**Work to complete**
Below are some records; find each line that carries the word "rule" and copy it.

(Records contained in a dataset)
###
(* Let $R$ be a ringed tree with at least $\ell+1$ levels, where $\ell\ge 2$, and let $u_1,u_2,\dots,u_{2^\ell}$ be the vertices of level $\ell$ in their cyclic order along the level-$\ell$ cycle. Then for every tree decomposition $(T,\phi)$ of $R$ there exist a node $w\in V(T)$ and indices $i<j$ with $u_i,u_j\in\phi^{-1}(w)$ and $\min\{j-i,\ 2^\ell+i-j\}\ge 2^{\ell-2}$.
   Context: A ringed tree with levels $0,1,\dots,L$ has vertices $v_{k,j}$ for $0\le k\le L$, $1\le j\le 2^k$; its edges are the edges of the complete binary tree ($v_{k,j}$ adjacent to $v_{k+1,2j-1}$ and $v_{k+1,2j}$) together with, for each level $k$, the cycle $v_{k,1}v_{k,2}\cdots v_{k,2^k}v_{k,1}$ joining consecutive vertices of that level. A tree decomposition of a graph $H$ is a pair $(T,\phi)$ where $T$ is a tree and $\phi$ assigns to each vertex $x$ of $H$ a (nonempty) subtree $\phi(x)$ of $T$ such that $\phi(x)\cap\phi(y)\ne\emptyset$ whenever $xy\in E(H)$; for a node $t$ of $T$, $\phi^{-1}(t)=\{x\in V(H): t\in\phi(x)\}$. *)

theory Defs
  imports Main
begin

definition is_path :: "('b \<Rightarrow> 'b \<Rightarrow> bool) \<Rightarrow> 'b set \<Rightarrow> 'b list \<Rightarrow> bool" where
  "is_path E S p \<longleftrightarrow> p \<noteq> [] \<and> set p \<subseteq> S \<and> (\<forall>i. Suc i < length p \<longrightarrow> E (p ! i) (p ! Suc i))"

definition connected_on :: "('b \<Rightarrow> 'b \<Rightarrow> bool) \<Rightarrow> 'b set \<Rightarrow> bool" where
  "connected_on E S \<longleftrightarrow> (\<forall>x\<in>S. \<forall>y\<in>S. \<exists>p. is_path E S p \<and> hd p = x \<and> last p = y)"

definition has_cycle :: "'b set \<Rightarrow> ('b \<Rightarrow> 'b \<Rightarrow> bool) \<Rightarrow> bool" where
  "has_cycle V E \<longleftrightarrow> (\<exists>p. is_path E V p \<and> distinct p \<and> length p \<ge> 3 \<and> E (last p) (hd p))"

definition is_tree :: "'b set \<Rightarrow> ('b \<Rightarrow> 'b \<Rightarrow> bool) \<Rightarrow> bool" where
  "is_tree V E \<longleftrightarrow> finite V \<and> V \<noteq> {}
     \<and> (\<forall>x y. E x y \<longrightarrow> x \<in> V \<and> y \<in> V \<and> E y x \<and> x \<noteq> y)
     \<and> connected_on E V \<and> \<not> has_cycle V E"

definition is_subtree :: "'b set \<Rightarrow> ('b \<Rightarrow> 'b \<Rightarrow> bool) \<Rightarrow> 'b set \<Rightarrow> bool" where
  "is_subtree V E S \<longleftrightarrow> S \<noteq> {} \<and> S \<subseteq> V \<and> connected_on E S"

definition tree_decomposition ::
  "'a set \<Rightarrow> ('a \<Rightarrow> 'a \<Rightarrow> bool) \<Rightarrow> 'b set \<Rightarrow> ('b \<Rightarrow> 'b \<Rightarrow> bool) \<Rightarrow> ('a \<Rightarrow> 'b set) \<Rightarrow> bool" where
  "tree_decomposition VH EH VT ET phi \<longleftrightarrow> is_tree VT ET
     \<and> (\<forall>x\<in>VH. is_subtree VT ET (phi x))
     \<and> (\<forall>x\<in>VH. \<forall>y\<in>VH. EH x y \<longrightarrow> phi x \<inter> phi y \<noteq> {})"

text \<open>Vertex v_{k,j} is represented by the pair (k,j).\<close>
definition ringed_verts :: "nat \<Rightarrow> (nat \<times> nat) set" where
  "ringed_verts L = {(k, j). k \<le> L \<and> 1 \<le> j \<and> j \<le> 2 ^ k}"

text \<open>Directed version of the edges: tree edges and level-cycle edges.\<close>
definition ringed_arc :: "nat \<Rightarrow> nat \<times> nat \<Rightarrow> nat \<times> nat \<Rightarrow> bool" where
  "ringed_arc L x y \<longleftrightarrow> x \<in> ringed_verts L \<and> y \<in> ringed_verts L \<and>
     ((fst y = Suc (fst x) \<and> (snd y = 2 * snd x - 1 \<or> snd y = 2 * snd x))
      \<or> (fst y = fst x \<and> (snd y = Suc (snd x) \<or> (snd x = 2 ^ fst x \<and> snd y = 1))))"

definition ringed_edge :: "nat \<Rightarrow> nat \<times> nat \<Rightarrow> nat \<times> nat \<Rightarrow> bool" where
  "ringed_edge L x y \<longleftrightarrow> ringed_arc L x y \<or> ringed_arc L y x"

end

theory Submission
  imports Defs
begin

text \<open>The bags of the level-\<open>\<ell>\<close> vertices \<open>u\<^sub>1, \<dots>, u\<^sub>n\<close> (\<open>n = 2\<^sup>\<ell> = 4m\<close>) form a cyclic chain of
  subtrees of \<open>T\<close> in which consecutive members meet. Split the cycle into arcs of \<open>m\<close>, \<open>m\<close> and \<open>2m\<close>
  consecutive vertices: the unions of the bags along the arcs are pairwise intersecting subtrees, so
  by the Helly property of subtrees of a tree they share a node \<open>w\<close>. If \<open>w\<close> lies in the bags of
  \<open>u\<^sub>a, u\<^sub>b, u\<^sub>c\<close> with \<open>a, b, c\<close> in the three arcs, then \<open>(b, c)\<close> or \<open>(a, c)\<close> is a pair at cyclic
  distance at least \<open>m\<close>.\<close>

lemma is_path_iff_successively:
  "is_path E S p \<longleftrightarrow> p \<noteq> [] \<and> set p \<subseteq> S \<and> successively E p"
  unfolding is_path_def successively_conv_nth by blast

lemma connected_on_iff_rtranclp:
  "connected_on E S \<longleftrightarrow> (\<forall>x\<in>S. \<forall>y\<in>S. (\<lambda>a b. E a b \<and> a \<in> S \<and> b \<in> S)\<^sup>*\<^sup>* x y)"
proof -
  let ?R = "\<lambda>a b. E a b \<and> a \<in> S \<and> b \<in> S"
  have walk_reach: "?R\<^sup>*\<^sup>* (hd p) (last p)"
    if "p \<noteq> []" "set p \<subseteq> S" "successively E p" for p
    using that
  proof (induction p)
    case (Cons x xs)
    show ?case
    proof (cases xs)
      case (Cons y ys)
      with Cons.prems Cons.IH have "?R x y" "?R\<^sup>*\<^sup>* y (last xs)" by auto
      then have "?R\<^sup>*\<^sup>* x (last xs)" by (rule converse_rtranclp_into_rtranclp)
      with Cons show ?thesis by simp
    qed simp
  qed simp
  have reach_walk: "\<exists>p. p \<noteq> [] \<and> set p \<subseteq> S \<and> successively E p \<and> hd p = x \<and> last p = y"
    if "?R\<^sup>*\<^sup>* x y" "x \<in> S" for x y
    using that
  proof (induction rule: rtranclp_induct)
    case base
    then show ?case by (intro exI[of _ "[x]"]) auto
  next
    case (step y z)
    then obtain p where "p \<noteq> []" "set p \<subseteq> S" "successively E p" "hd p = x" "last p = y"
      by blast
    with step.hyps(2) show ?case
      by (intro exI[of _ "p @ [z]"]) (auto simp: successively_append_iff)
  qed
  show ?thesis
    unfolding connected_on_def is_path_iff_successively
  proof (intro iffI ballI)
    fix x y assume "\<forall>x\<in>S. \<forall>y\<in>S. \<exists>p. (p \<noteq> [] \<and> set p \<subseteq> S \<and> successively E p) \<and> hd p = x \<and> last p = y"
      and "x \<in> S" "y \<in> S"
    then obtain p where "p \<noteq> []" "set p \<subseteq> S" "successively E p" "hd p = x" "last p = y"
      by blast
    with walk_reach show "?R\<^sup>*\<^sup>* x y" by blast
  next
    fix x y assume "\<forall>x\<in>S. \<forall>y\<in>S. ?R\<^sup>*\<^sup>* x y" and "x \<in> S" "y \<in> S"
    with reach_walk show "\<exists>p. (p \<noteq> [] \<and> set p \<subseteq> S \<and> successively E p) \<and> hd p = x \<and> last p = y"
      by blast
  qed
qed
###
**Problem solution**
      then have "?R\<^sup>*\<^sup>* x (last xs)" by (rule converse_rtranclp_into_rtranclp)
  proof (induction rule: rtranclp_induct)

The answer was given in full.